lemma emeasure_valM_all_less:
  "emeasure (valM n) {x \<in> space (valM n). \<forall>i<n. x i < c} = ennreal (max 0 (min 1 c) ^ n)"
proof -
  have "emeasure (valM n) {x \<in> space (valM n). \<forall>i<n. x i < c}
      = emeasure lborel ({..<c} \<inter> {0..1}) ^ n"
    unfolding valM_all_less_eq_PiE by (rule emeasure_valM_PiE) simp
  also have "\<dots> = ennreal (max 0 (min 1 c)) ^ n"
    by (simp only: emeasure_lessThan_Int_unit)
  also have "\<dots> = ennreal (max 0 (min 1 c) ^ n)"
    by (rule ennreal_power) simp
  finally show ?thesis .
qed

lemma measure_valM_all_less:
  "measure (valM n) {x \<in> space (valM n). \<forall>i<n. x i < c} = max 0 (min 1 c) ^ n"
  by (simp add: measure_def emeasure_valM_all_less)

lemma AE_valM_nonneg: "AE x in valM n. \<forall>i<n. 0 \<le> x i"
proof -
  interpret prob_space "valM n" by (rule prob_space_valM)
  have "prob (PiE {..<n} (\<lambda>_. {0..1})) = 1"
    by (simp add: measure_def emeasure_valM_PiE)
  then have "AE x in valM n. x \<in> PiE {..<n} (\<lambda>_. {0..1})" by (rule AE_prob_1)
  then show ?thesis by eventually_elim (simp add: PiE_iff)
qed

lemma nonint_utility_eq: "nonint_utility n v b = (v - b) * max 0 (min 1 b) ^ n"
proof -
  let ?W = "{x \<in> space (valM n). \<forall>i<n. x i < b}"
  have "nonint_utility n v b = (\<integral>x. (v - b) * indicator ?W x \<partial>valM n)"
    unfolding nonint_utility_def by (intro Bochner_Integration.integral_cong) auto
  also have "\<dots> = (v - b) * measure (valM n) (?W \<inter> space (valM n))"
    by (simp only: integral_mult_right_zero Bochner_Integration.integral_indicator)
  also have "?W \<inter> space (valM n) = ?W"
    by blast
  finally show ?thesis by (simp only: measure_valM_all_less)
qed

lemma bid_profit_strict_max:
  fixes v x :: real
  assumes n: "0 < n" and v: "0 \<le> v" and x: "0 \<le> x" and ne: "x \<noteq> real n / (real n + 1) * v"
  shows "(v - x) * x ^ n < (v - real n / (real n + 1) * v) * (real n / (real n + 1) * v) ^ n"
proof -
  define c where "c = real n / (real n + 1) * v"
  define p where "p y = (v - y) * y ^ n" for y
  have c0: "0 \<le> c" unfolding c_def using v by simp
  have p': "(p has_real_derivative (real n + 1) * y ^ (n - 1) * (c - y)) (at y)" for y
  proof -
    have "(p has_real_derivative - 1 * y ^ n + (v - y) * (real n * y ^ (n - 1))) (at y)"
      unfolding p_def by (intro derivative_eq_intros) auto
    moreover have "y ^ n = y * y ^ (n - 1)" using n by (cases n) auto
    then have "- 1 * y ^ n + (v - y) * (real n * y ^ (n - 1))
        = y ^ (n - 1) * (real n * v - (real n + 1) * y)"
      by (simp add: algebra_simps)
    also have "\<dots> = (real n + 1) * y ^ (n - 1) * (c - y)"
      unfolding c_def by (simp add: field_simps)
    ultimately show ?thesis by (simp only:)
  qed
  have cont: "continuous_on A p" for A
    unfolding p_def by (intro continuous_intros)
  have "p x < p c"
  proof (cases "x < c")
    case True
    show ?thesis
    proof (rule DERIV_pos_imp_increasing_open[OF True _ cont])
      fix y assume "x < y" "y < c"
      with x have "0 < (real n + 1) * y ^ (n - 1) * (c - y)" by simp
      with p' show "\<exists>d. (p has_real_derivative d) (at y) \<and> 0 < d" by blast
    qed
  next
    case False
    with ne have "c < x" unfolding c_def by simp
    then show ?thesis
    proof (rule DERIV_neg_imp_decreasing_open[OF _ _ cont])
      fix y assume "c < y" "y < x"
      with c0 have "(real n + 1) * y ^ (n - 1) * (c - y) < 0" by (simp add: mult_pos_neg)
      with p' show "\<exists>d. (p has_real_derivative d) (at y) \<and> d < 0" by blast
    qed
  qed
  then show ?thesis unfolding p_def c_def .
qed

lemma nn_integral_power_atLeastAtMost:
  fixes v :: real
  assumes "0 \<le> v"
  shows "(\<integral>\<^sup>+s. ennreal (s ^ n * indicator {0..v} s) \<partial>lborel) = ennreal (v ^ (n + 1) / (real n + 1))"
proof -
  have "integrable lborel (\<lambda>s. s ^ n * indicator {0..v} s :: real)"
    by (intro borel_integrable_atLeastAtMost) auto
  then have "(\<integral>\<^sup>+s. ennreal (s ^ n * indicator {0..v} s) \<partial>lborel)
      = ennreal (\<integral>s. s ^ n * indicator {0..v} s \<partial>lborel)"
    by (intro nn_integral_eq_integral) (auto simp: indicator_def)
  also have "(\<integral>s. s ^ n * indicator {0..v} s \<partial>lborel) = v ^ (n + 1) / (real n + 1)"
    using assms by (subst integral_power) (auto simp: power_0_left)
  finally show ?thesis .
qed

lemma Max_lessThan_less_iff:
  fixes x :: "nat \<Rightarrow> 'a::linorder"
  assumes "0 < n"
  shows "(MAX i\<in>{..<n}. x i) < s \<longleftrightarrow> (\<forall>i<n. x i < s)"
  using assms by (subst Max_less_iff) auto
----
**Action item**
Give back the material above without altering a single word.

**Expected output**
lemma emeasure_valM_all_less:
  "emeasure (valM n) {x \<in> space (valM n). \<forall>i<n. x i < c} = ennreal (max 0 (min 1 c) ^ n)"
proof -
  have "emeasure (valM n) {x \<in> space (valM n). \<forall>i<n. x i < c}
      = emeasure lborel ({..<c} \<inter> {0..1}) ^ n"
    unfolding valM_all_less_eq_PiE by (rule emeasure_valM_PiE) simp
  also have "\<dots> = ennreal (max 0 (min 1 c)) ^ n"
    by (simp only: emeasure_lessThan_Int_unit)
  also have "\<dots> = ennreal (max 0 (min 1 c) ^ n)"
    by (rule ennreal_power) simp
  finally show ?thesis .
qed

lemma measure_valM_all_less:
  "measure (valM n) {x \<in> space (valM n). \<forall>i<n. x i < c} = max 0 (min 1 c) ^ n"
  by (simp add: measure_def emeasure_valM_all_less)

lemma AE_valM_nonneg: "AE x in valM n. \<forall>i<n. 0 \<le> x i"
proof -
  interpret prob_space "valM n" by (rule prob_space_valM)
  have "prob (PiE {..<n} (\<lambda>_. {0..1})) = 1"
    by (simp add: measure_def emeasure_valM_PiE)
  then have "AE x in valM n. x \<in> PiE {..<n} (\<lambda>_. {0..1})" by (rule AE_prob_1)
  then show ?thesis by eventually_elim (simp add: PiE_iff)
qed

lemma nonint_utility_eq: "nonint_utility n v b = (v - b) * max 0 (min 1 b) ^ n"
proof -
  let ?W = "{x \<in> space (valM n). \<forall>i<n. x i < b}"
  have "nonint_utility n v b = (\<integral>x. (v - b) * indicator ?W x \<partial>valM n)"
    unfolding nonint_utility_def by (intro Bochner_Integration.integral_cong) auto
  also have "\<dots> = (v - b) * measure (valM n) (?W \<inter> space (valM n))"
    by (simp only: integral_mult_right_zero Bochner_Integration.integral_indicator)
  also have "?W \<inter> space (valM n) = ?W"
    by blast
  finally show ?thesis by (simp only: measure_valM_all_less)
qed

lemma bid_profit_strict_max:
  fixes v x :: real
  assumes n: "0 < n" and v: "0 \<le> v" and x: "0 \<le> x" and ne: "x \<noteq> real n / (real n + 1) * v"
  shows "(v - x) * x ^ n < (v - real n / (real n + 1) * v) * (real n / (real n + 1) * v) ^ n"
proof -
  define c where "c = real n / (real n + 1) * v"
  define p where "p y = (v - y) * y ^ n" for y
  have c0: "0 \<le> c" unfolding c_def using v by simp
  have p': "(p has_real_derivative (real n + 1) * y ^ (n - 1) * (c - y)) (at y)" for y
  proof -
    have "(p has_real_derivative - 1 * y ^ n + (v - y) * (real n * y ^ (n - 1))) (at y)"
      unfolding p_def by (intro derivative_eq_intros) auto
    moreover have "y ^ n = y * y ^ (n - 1)" using n by (cases n) auto
    then have "- 1 * y ^ n + (v - y) * (real n * y ^ (n - 1))
        = y ^ (n - 1) * (real n * v - (real n + 1) * y)"
      by (simp add: algebra_simps)
    also have "\<dots> = (real n + 1) * y ^ (n - 1) * (c - y)"
      unfolding c_def by (simp add: field_simps)
    ultimately show ?thesis by (simp only:)
  qed
  have cont: "continuous_on A p" for A
    unfolding p_def by (intro continuous_intros)
  have "p x < p c"
  proof (cases "x < c")
    case True
    show ?thesis
    proof (rule DERIV_pos_imp_increasing_open[OF True _ cont])
      fix y assume "x < y" "y < c"
      with x have "0 < (real n + 1) * y ^ (n - 1) * (c - y)" by simp
      with p' show "\<exists>d. (p has_real_derivative d) (at y) \<and> 0 < d" by blast
    qed
  next
    case False
    with ne have "c < x" unfolding c_def by simp
    then show ?thesis
    proof (rule DERIV_neg_imp_decreasing_open[OF _ _ cont])
      fix y assume "c < y" "y < x"
      with c0 have "(real n + 1) * y ^ (n - 1) * (c - y) < 0" by (simp add: mult_pos_neg)
      with p' show "\<exists>d. (p has_real_derivative d) (at y) \<and> d < 0" by blast
    qed
  qed
  then show ?thesis unfolding p_def c_def .
qed

lemma nn_integral_power_atLeastAtMost:
  fixes v :: real
  assumes "0 \<le> v"
  shows "(\<integral>\<^sup>+s. ennreal (s ^ n * indicator {0..v} s) \<partial>lborel) = ennreal (v ^ (n + 1) / (real n + 1))"
proof -
  have "integrable lborel (\<lambda>s. s ^ n * indicator {0..v} s :: real)"
    by (intro borel_integrable_atLeastAtMost) auto
  then have "(\<integral>\<^sup>+s. ennreal (s ^ n * indicator {0..v} s) \<partial>lborel)
      = ennreal (\<integral>s. s ^ n * indicator {0..v} s \<partial>lborel)"
    by (intro nn_integral_eq_integral) (auto simp: indicator_def)
  also have "(\<integral>s. s ^ n * indicator {0..v} s \<partial>lborel) = v ^ (n + 1) / (real n + 1)"
    using assms by (subst integral_power) (auto simp: power_0_left)
  finally show ?thesis .
qed

lemma Max_lessThan_less_iff:
  fixes x :: "nat \<Rightarrow> 'a::linorder"
  assumes "0 < n"
  shows "(MAX i\<in>{..<n}. x i) < s \<longleftrightarrow> (\<forall>i<n. x i < s)"
  using assms by (subst Max_less_iff) auto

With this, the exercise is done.